A = np.array([[1,2,3,4],[10,20,30,40],[100,200,300,400]])
print("The array A:\n",A)
print("Shape of A:",A.shape)
print("Number of dimensions of A:",A.ndim)


# One may also create a higher-dimensional array

# In[ ]:


B = A.reshape(3, 2, 2)
print("The array B:\n",B)
print("Shape:",B.shape)
print("Ndim:",B.ndim)


# In[ ]:


B[0, :, :]


# In[ ]:


B = np.arange(10)
print("The array B:\n",B)
print("Shape:",B.shape)
print("Ndim:",B.ndim)


# In[ ]:


B = B.reshape((10,1))
print("The array B:\n",B)
print("Shape:",B.shape)
print("Ndim:",B.ndim)


# ### Indexing multidimensional arrays
# 
# - To access an element at position (i, j): `array[i, j]`
# - May select an entire column or row using a colon: `array[i, :]` for a row, `array[:, j]` for a column. 
# - May also use a slice: e.g., `array[0:2, :]`. 

# In[ ]:


print("Array A:\n",A)


# In[ ]:


print("Element at pos (1,2):",A[1,2],'\n') 

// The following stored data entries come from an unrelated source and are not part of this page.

text \<open>In the tree case the shared edge c has multiplicity 4 (at least 2 from each word, by
  parity) and, by the total count, all other edges multiplicity 2; hence each word uses each of
  its edges exactly twice.\<close>
lemma case_tree:
  assumes tree_case: "card V = card E + 1"
  shows "(\<forall>e\<in>edges u1. Ncount u1 e = 2) \<and> (\<forall>e\<in>edges u2. Ncount u2 e = 2)
    \<and> (\<exists>c\<in>E. \<forall>e\<in>E. N e = (if e = c then 4 else 2))"
proof -
  have two_le: "2 \<le> Ncount w e" if "w \<in> {u1, u2}" "e \<in> edges w" for w e
  proof -
    have "e \<in> E" using that edges_sub by blast
    then have "even (Ncount w e)" using even_Ncount[OF tree_case _ that(1)] by blast
    then show ?thesis using Ncount_pos[OF that(2)] by presburger
  qed
  obtain c where c: "c \<in> edges u1" "c \<in> edges u2" using shared_edge by blast
  have cE: "c \<in> E" using c edges_sub by blast
  have c_ge: "2 \<le> Ncount u1 c" "2 \<le> Ncount u2 c" using two_le c by auto
  define g where "g e = (if e = c then 4 else 2 :: nat)" for e
  have g_le: "g e \<le> N e" if "e \<in> E" for e
    using N_ge_2[OF that] c_ge by (cases "e = c") (simp_all add: g_def Ncount_pair_def)
  have "(\<Sum>e\<in>E. g e) = (\<Sum>e\<in>E. 2 + (if e = c then 2 else 0))"
    by (rule sum.cong) (simp_all add: g_def)
  also have "\<dots> = (\<Sum>e\<in>E. 2) + (\<Sum>e\<in>E. if e = c then 2 else 0)"
    by (rule sum.distrib)
  also have "\<dots> = 2 * card E + 2" using finite_E cE by simp
  also have "\<dots> = (\<Sum>e\<in>E. N e)" using sum_N tree_case by simp
  finally have sum_eq: "(\<Sum>e\<in>E. g e) = (\<Sum>e\<in>E. N e)" .
  have N_eq: "N e = g e" if "e \<in> E" for e
    using sum_mono_inv[OF sum_eq g_le that finite_E] by simp
  have "Ncount w e = 2" if "w \<in> {u1, u2}" "e \<in> edges w" for w e
  proof -
    have "e \<in> E" using that edges_sub by blast
    then have sum_e: "Ncount u1 e + Ncount u2 e = g e"
      using N_eq by (simp add: Ncount_pair_def)
    have "2 \<le> Ncount w e" by (rule two_le[OF that])
    moreover have "Ncount w e \<le> Ncount u1 e + Ncount u2 e" using that(1) by auto
    ultimately show ?thesis
      using sum_e c_ge that(1) by (cases "e = c") (auto simp: g_def)
  qed
  moreover have "\<forall>e\<in>E. N e = (if e = c then 4 else 2)" using N_eq by (simp add: g_def)
  ultimately show ?thesis using cE by blast
qed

# `A[1][2]` is also possible, just like how nested list is indexed, but is less efficient. `A[1]` creates a copy of vector consisting row 1 of `A`, then it accesses index 2 of the vector. `A[1, 2]` directly accesses the value at the position desired without copyting a row.

# In[ ]:


print("Row #2 of A:\n",A[2,:],'\n')


# In[ ]:


print("Column #1 of A:\n",A[:,1],'\n')


# __Exercise__: How would you reverse the order of columns in matrix `A`?

# In[ ]:


# Basic syntax for "slicing" is `start:end:step`, and each of them can be omitted if start=0, end=len(l), step=1

# ### Accessing elements by logical tests

# Let's recall how to perform _logical tests_ in Python.

# In[ ]:


A


# In[ ]:


print( A > 25 )


# We can select elements based on the result of a logical test:

# In[ ]:


print( A[A > 25] )


# In[ ]:


# __Exercise__:  Replace all odd numbers in `arr` with -1.
# 
# _Hint: you can assign values to a subsetted array._ 
# 
# <!--arr[arr % 2 == 0] = -2-->

# In[ ]:


arr = np.array([0, 1, 2, 3, 4, 5, 6, 7, 8, 9])


# In[ ]:


# In[ ]:


arr


# In[ ]:


arr = np.array([0, 1, 2, 3, 4, 5, 6, 7, 8, 9])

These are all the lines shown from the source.